++++ SOURCE INFORMATION
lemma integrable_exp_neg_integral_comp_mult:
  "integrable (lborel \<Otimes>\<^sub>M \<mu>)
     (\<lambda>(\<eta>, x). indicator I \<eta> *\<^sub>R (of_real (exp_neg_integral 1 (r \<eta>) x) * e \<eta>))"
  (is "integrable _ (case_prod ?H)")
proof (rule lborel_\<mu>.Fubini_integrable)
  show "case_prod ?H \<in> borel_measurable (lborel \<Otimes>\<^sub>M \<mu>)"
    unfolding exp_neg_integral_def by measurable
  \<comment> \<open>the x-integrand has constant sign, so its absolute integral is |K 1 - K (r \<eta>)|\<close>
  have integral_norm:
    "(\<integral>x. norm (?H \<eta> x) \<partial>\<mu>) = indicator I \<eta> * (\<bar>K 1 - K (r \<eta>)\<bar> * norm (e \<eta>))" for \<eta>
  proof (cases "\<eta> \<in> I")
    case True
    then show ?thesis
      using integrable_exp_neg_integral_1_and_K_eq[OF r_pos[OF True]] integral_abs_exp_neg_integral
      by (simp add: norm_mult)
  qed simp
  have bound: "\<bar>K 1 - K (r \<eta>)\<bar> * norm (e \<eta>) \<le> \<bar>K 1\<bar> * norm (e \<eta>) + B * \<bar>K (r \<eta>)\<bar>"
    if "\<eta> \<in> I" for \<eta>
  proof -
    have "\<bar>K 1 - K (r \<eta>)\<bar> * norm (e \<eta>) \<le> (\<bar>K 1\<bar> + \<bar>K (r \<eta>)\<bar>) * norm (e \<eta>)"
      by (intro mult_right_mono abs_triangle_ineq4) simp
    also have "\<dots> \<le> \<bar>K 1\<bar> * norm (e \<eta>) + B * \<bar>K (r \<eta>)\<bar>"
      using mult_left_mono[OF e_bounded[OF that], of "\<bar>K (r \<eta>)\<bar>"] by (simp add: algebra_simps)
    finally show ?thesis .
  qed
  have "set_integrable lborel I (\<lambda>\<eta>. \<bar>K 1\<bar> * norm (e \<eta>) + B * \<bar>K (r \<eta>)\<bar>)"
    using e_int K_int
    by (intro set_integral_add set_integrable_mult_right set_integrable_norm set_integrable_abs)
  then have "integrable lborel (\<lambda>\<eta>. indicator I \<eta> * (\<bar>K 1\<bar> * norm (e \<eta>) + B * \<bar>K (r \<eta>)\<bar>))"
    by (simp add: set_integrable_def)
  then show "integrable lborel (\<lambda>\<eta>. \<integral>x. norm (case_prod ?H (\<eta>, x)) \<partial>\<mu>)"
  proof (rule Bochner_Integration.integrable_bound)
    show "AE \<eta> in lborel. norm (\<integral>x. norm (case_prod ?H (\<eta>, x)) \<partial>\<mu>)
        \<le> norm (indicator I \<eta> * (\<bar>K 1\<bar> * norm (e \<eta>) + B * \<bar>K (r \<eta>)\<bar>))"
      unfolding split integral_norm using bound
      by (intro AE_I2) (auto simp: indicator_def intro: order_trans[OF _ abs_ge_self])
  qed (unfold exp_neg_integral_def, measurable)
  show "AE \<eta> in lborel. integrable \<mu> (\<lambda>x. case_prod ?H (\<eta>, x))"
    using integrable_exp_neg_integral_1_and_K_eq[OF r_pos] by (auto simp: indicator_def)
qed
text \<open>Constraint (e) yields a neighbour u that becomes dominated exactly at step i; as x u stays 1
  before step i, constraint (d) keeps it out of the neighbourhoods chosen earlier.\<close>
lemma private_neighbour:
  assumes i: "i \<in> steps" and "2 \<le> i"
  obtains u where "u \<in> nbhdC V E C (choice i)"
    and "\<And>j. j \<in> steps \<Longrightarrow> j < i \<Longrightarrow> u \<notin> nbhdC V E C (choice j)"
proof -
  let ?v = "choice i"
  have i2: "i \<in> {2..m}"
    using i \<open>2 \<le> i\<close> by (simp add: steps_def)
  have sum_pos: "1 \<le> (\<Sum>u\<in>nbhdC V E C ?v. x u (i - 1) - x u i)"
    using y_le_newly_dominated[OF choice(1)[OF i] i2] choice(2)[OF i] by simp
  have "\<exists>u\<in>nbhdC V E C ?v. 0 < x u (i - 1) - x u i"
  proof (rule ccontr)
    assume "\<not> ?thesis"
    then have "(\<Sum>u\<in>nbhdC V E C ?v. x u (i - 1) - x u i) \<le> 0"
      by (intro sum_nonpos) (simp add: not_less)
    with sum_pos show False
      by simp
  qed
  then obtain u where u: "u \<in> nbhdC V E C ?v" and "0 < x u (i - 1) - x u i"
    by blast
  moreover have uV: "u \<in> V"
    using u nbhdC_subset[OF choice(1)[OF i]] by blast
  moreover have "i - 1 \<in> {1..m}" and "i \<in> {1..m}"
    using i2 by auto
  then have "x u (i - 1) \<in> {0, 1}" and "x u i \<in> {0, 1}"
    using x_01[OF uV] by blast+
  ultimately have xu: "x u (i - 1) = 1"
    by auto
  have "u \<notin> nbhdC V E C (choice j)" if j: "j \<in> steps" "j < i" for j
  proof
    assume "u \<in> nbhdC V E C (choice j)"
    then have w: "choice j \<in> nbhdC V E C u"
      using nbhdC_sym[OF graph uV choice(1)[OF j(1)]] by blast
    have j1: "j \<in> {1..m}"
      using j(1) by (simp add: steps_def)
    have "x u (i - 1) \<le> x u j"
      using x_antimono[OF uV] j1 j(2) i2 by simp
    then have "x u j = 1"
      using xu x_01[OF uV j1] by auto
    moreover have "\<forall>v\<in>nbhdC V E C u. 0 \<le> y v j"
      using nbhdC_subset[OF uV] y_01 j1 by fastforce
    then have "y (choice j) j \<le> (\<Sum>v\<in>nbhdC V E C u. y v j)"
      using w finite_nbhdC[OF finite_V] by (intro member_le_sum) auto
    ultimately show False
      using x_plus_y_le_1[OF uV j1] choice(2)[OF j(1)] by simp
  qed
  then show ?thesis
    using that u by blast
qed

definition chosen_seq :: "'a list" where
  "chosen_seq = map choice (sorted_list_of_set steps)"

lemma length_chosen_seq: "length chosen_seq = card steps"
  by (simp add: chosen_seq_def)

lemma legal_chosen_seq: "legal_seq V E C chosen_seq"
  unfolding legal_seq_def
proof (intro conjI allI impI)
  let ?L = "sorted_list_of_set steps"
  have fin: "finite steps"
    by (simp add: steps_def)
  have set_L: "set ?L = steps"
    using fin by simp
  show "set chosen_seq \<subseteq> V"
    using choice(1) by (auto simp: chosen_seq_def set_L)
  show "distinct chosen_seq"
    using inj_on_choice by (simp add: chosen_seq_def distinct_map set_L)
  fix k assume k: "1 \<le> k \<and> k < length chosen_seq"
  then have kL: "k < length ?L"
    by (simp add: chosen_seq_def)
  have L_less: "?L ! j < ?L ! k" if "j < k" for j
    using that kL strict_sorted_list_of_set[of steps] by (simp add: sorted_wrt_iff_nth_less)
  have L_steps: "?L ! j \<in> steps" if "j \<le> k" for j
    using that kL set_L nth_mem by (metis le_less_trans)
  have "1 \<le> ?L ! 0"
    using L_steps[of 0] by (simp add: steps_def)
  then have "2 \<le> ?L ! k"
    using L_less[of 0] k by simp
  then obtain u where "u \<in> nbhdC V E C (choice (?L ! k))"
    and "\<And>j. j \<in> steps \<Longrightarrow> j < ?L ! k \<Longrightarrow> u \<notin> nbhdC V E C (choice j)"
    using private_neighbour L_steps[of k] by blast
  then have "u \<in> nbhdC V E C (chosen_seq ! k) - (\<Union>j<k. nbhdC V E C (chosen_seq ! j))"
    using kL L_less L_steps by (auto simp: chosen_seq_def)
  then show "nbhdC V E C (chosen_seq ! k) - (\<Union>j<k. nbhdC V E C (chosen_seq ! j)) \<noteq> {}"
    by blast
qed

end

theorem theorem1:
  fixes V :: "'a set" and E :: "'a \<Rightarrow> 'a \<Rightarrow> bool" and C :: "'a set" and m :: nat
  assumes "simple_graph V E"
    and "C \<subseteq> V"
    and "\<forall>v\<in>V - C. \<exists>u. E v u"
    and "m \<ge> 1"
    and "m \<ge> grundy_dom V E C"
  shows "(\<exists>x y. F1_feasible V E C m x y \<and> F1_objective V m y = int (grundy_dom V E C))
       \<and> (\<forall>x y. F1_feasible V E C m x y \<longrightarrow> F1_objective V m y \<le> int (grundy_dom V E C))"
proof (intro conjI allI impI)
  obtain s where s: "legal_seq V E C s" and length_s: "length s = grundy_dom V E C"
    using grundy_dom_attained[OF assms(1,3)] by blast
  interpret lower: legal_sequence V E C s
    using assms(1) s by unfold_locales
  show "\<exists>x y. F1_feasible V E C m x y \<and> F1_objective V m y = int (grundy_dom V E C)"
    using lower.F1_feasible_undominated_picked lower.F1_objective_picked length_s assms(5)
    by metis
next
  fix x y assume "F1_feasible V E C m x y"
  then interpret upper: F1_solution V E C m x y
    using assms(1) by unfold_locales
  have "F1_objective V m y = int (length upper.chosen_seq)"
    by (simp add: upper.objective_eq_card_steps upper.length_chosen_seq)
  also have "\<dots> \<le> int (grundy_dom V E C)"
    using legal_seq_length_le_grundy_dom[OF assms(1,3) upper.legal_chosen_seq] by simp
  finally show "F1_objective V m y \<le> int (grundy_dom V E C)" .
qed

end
++++++++
→ WHAT IS BEING ASKED: Scan the material for "finally" and copy the lines that hold it.

→ ANSWER FOR THIS EXERCISE:
    finally show ?thesis .
  finally show "F1_objective V m y \<le> int (grundy_dom V E C)" .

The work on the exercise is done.